[Recorded data]
--- START ---

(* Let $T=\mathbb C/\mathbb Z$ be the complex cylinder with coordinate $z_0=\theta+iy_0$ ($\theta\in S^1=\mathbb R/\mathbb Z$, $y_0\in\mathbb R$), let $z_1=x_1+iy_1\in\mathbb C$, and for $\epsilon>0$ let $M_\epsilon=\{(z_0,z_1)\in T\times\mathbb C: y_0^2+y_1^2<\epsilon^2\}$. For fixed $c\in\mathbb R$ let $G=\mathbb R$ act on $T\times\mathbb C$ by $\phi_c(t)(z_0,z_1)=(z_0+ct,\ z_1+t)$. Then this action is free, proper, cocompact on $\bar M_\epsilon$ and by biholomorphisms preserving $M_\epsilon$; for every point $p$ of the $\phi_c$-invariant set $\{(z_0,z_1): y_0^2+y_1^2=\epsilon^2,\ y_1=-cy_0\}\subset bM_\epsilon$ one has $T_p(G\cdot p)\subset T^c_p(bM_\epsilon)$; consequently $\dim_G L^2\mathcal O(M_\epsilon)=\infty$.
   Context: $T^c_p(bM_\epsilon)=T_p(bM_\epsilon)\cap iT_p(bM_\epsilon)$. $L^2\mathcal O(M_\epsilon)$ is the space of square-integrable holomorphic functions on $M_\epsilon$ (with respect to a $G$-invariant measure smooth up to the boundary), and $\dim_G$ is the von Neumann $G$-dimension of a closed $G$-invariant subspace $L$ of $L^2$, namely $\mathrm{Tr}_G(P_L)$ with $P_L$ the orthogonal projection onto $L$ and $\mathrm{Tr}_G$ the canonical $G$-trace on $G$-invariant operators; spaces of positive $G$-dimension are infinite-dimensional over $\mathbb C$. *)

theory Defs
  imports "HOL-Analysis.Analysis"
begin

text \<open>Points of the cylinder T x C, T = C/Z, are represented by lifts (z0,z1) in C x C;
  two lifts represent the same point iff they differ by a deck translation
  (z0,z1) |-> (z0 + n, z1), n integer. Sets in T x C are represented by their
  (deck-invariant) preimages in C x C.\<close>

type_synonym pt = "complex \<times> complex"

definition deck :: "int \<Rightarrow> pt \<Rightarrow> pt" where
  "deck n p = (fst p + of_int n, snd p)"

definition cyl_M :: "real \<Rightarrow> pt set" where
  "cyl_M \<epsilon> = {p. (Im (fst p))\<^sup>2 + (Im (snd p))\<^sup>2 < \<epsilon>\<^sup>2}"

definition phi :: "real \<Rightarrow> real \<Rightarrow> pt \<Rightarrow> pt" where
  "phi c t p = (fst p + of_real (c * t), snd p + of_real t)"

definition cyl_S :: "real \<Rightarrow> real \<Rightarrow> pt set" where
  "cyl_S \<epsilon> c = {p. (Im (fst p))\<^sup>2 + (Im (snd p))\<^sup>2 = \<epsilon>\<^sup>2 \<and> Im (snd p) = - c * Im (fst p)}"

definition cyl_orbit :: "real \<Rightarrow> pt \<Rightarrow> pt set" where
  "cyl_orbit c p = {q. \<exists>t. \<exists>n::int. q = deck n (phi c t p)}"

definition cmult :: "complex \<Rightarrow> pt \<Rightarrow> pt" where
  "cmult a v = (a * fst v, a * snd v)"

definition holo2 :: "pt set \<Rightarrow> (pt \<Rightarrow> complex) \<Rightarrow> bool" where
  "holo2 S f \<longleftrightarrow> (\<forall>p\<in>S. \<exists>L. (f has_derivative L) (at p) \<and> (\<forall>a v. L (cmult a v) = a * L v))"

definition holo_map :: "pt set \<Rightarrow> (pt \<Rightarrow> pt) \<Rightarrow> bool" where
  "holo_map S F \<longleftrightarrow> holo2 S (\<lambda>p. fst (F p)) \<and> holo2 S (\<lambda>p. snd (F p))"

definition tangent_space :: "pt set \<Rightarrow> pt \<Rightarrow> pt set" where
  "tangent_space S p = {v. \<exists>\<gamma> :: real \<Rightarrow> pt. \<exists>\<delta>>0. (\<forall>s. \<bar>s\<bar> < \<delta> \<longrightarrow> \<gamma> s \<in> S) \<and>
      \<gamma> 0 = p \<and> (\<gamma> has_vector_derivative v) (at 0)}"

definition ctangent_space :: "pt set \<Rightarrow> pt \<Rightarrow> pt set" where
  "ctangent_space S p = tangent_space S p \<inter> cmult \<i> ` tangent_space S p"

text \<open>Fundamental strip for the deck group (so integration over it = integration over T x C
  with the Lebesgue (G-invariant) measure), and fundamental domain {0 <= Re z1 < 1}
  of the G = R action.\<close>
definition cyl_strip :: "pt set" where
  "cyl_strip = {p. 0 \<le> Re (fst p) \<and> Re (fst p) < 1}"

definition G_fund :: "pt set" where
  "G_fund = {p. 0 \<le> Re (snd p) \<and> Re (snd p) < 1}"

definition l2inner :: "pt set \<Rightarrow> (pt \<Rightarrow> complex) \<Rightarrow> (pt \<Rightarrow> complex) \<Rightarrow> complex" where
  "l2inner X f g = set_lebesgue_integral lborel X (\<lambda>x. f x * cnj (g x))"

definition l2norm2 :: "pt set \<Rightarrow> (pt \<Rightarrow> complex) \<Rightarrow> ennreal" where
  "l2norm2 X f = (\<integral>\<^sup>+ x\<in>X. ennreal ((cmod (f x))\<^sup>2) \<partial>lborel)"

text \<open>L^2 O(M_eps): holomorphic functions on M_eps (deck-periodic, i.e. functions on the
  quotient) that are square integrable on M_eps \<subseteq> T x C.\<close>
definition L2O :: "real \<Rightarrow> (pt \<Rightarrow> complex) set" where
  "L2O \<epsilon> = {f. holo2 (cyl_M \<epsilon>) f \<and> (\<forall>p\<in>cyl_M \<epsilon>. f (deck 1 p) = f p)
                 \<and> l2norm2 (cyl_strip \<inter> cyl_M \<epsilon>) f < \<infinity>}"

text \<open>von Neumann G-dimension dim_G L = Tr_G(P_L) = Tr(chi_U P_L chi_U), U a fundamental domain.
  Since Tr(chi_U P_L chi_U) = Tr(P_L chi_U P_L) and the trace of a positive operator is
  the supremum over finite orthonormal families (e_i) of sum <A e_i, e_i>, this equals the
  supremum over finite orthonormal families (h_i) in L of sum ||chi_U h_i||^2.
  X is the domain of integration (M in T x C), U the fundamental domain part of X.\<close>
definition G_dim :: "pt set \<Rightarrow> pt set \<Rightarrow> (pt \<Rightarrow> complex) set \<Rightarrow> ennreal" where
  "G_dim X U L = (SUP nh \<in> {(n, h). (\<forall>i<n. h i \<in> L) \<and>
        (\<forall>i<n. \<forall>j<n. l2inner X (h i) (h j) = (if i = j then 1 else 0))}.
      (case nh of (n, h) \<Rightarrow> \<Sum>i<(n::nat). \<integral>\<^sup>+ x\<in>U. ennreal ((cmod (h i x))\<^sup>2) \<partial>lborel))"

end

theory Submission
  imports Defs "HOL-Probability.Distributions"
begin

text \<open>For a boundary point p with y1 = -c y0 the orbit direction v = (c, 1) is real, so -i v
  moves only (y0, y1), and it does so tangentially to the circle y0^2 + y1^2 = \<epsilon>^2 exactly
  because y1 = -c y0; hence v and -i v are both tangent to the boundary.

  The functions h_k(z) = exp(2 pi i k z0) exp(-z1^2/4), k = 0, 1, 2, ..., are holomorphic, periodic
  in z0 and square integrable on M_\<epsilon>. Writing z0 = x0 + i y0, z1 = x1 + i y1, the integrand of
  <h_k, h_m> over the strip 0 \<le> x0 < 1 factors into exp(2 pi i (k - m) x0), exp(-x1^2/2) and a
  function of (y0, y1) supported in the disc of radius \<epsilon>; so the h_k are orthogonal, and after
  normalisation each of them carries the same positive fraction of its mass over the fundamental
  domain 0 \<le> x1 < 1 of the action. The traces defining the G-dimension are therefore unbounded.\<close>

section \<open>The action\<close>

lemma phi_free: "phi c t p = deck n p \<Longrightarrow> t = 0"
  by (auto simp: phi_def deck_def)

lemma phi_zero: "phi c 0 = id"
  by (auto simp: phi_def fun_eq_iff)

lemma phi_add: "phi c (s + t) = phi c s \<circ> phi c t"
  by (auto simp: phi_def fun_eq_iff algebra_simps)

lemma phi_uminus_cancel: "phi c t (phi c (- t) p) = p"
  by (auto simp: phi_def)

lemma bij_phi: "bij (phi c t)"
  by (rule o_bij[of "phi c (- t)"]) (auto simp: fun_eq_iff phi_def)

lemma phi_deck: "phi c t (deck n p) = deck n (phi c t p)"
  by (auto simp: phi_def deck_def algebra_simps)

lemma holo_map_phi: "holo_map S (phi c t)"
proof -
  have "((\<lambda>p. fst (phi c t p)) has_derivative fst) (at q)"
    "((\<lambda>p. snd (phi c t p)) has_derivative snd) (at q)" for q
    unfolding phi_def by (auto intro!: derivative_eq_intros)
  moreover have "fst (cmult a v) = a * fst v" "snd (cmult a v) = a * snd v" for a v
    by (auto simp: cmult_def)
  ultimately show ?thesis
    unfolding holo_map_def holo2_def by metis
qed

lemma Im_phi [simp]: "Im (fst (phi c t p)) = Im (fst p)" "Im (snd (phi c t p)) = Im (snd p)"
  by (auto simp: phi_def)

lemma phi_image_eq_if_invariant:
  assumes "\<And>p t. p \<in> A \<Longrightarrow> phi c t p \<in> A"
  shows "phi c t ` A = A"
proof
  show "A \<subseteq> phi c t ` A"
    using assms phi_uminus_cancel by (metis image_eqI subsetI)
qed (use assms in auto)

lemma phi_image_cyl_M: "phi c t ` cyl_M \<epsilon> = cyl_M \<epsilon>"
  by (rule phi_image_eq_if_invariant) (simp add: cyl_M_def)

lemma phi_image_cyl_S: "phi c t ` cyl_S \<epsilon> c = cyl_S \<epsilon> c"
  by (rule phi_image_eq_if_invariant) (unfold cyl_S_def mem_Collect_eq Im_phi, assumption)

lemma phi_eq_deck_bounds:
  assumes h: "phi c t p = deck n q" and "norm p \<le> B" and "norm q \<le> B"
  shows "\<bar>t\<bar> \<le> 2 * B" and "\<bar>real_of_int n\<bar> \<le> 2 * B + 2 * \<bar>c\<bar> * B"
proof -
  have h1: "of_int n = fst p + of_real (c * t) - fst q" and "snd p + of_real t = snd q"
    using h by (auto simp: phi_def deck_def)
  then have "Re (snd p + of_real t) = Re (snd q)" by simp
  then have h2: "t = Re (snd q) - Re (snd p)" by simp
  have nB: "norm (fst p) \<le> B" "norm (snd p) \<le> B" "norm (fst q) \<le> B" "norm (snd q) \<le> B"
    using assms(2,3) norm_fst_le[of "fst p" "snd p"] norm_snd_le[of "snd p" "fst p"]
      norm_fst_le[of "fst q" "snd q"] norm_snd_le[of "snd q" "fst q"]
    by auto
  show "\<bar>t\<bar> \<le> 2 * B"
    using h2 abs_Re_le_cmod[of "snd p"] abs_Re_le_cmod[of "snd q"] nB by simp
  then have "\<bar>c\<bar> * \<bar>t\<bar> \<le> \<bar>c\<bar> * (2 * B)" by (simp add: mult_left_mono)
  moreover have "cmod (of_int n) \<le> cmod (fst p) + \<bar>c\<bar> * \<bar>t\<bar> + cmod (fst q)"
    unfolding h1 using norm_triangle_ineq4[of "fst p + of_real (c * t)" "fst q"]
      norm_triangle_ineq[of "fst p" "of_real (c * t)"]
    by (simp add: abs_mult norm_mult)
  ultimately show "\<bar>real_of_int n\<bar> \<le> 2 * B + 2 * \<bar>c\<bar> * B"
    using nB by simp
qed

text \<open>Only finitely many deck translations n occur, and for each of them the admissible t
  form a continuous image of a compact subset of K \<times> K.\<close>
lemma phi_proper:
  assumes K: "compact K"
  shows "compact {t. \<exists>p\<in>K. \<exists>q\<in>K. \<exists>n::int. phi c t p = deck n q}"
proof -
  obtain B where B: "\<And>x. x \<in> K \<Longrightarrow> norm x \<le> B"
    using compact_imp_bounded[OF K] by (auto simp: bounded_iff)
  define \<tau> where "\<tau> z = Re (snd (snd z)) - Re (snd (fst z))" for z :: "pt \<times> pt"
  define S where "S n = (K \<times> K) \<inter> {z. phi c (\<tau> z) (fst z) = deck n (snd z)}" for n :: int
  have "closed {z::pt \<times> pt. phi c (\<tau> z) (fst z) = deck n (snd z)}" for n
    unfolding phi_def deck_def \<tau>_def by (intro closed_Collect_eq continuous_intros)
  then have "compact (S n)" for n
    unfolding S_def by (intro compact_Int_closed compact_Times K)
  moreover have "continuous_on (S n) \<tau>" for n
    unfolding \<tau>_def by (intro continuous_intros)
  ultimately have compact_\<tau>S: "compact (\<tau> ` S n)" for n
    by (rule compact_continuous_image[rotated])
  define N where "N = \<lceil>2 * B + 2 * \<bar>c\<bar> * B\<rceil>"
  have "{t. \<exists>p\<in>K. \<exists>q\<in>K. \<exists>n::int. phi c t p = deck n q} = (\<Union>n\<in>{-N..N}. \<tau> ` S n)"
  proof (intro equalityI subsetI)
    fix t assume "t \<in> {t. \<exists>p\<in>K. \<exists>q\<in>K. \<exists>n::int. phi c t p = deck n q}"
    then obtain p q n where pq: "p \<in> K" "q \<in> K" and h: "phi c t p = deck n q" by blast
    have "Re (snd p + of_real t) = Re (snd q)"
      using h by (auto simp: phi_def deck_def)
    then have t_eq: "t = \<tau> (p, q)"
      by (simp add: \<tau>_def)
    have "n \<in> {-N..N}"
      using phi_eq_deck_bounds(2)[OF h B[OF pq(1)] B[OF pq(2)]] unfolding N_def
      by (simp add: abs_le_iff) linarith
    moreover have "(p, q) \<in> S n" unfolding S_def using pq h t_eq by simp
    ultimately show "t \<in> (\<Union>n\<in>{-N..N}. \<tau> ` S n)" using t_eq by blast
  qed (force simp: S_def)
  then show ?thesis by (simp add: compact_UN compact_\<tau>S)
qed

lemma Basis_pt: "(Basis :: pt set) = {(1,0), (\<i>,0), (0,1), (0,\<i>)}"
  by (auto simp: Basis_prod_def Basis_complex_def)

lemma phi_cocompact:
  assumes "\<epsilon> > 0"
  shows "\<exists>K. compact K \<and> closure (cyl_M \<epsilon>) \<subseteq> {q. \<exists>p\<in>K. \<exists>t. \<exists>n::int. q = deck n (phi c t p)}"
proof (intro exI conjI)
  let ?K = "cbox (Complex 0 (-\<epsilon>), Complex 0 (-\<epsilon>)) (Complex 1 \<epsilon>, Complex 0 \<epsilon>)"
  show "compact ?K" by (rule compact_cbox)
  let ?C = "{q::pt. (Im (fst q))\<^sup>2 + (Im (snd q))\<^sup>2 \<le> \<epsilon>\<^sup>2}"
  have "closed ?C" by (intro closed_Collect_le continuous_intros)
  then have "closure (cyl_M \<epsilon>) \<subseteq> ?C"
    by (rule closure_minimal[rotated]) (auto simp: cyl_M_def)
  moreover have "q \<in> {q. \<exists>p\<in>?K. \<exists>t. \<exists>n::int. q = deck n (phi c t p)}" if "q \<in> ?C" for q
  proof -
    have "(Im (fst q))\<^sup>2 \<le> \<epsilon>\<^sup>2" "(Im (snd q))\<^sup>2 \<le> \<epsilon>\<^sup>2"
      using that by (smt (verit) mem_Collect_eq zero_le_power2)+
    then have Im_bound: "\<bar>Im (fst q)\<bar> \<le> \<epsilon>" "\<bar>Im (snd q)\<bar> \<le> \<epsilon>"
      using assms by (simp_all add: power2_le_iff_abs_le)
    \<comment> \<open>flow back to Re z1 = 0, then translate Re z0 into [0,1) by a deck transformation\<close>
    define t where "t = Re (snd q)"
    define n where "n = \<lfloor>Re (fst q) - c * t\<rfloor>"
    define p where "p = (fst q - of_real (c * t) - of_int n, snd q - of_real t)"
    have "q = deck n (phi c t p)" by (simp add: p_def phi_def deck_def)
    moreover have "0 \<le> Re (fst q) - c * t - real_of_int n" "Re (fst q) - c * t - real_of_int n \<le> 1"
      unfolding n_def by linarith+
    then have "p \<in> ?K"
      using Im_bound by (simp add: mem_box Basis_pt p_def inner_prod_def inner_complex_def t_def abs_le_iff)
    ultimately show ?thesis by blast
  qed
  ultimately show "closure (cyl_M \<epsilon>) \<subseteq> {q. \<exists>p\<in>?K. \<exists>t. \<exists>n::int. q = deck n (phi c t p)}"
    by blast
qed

--- END ---

Search each line of the data above for "rotated", and copy the lines where it occurs.

Answer section:
    by (rule compact_continuous_image[rotated])
    by (rule closure_minimal[rotated]) (auto simp: cyl_M_def)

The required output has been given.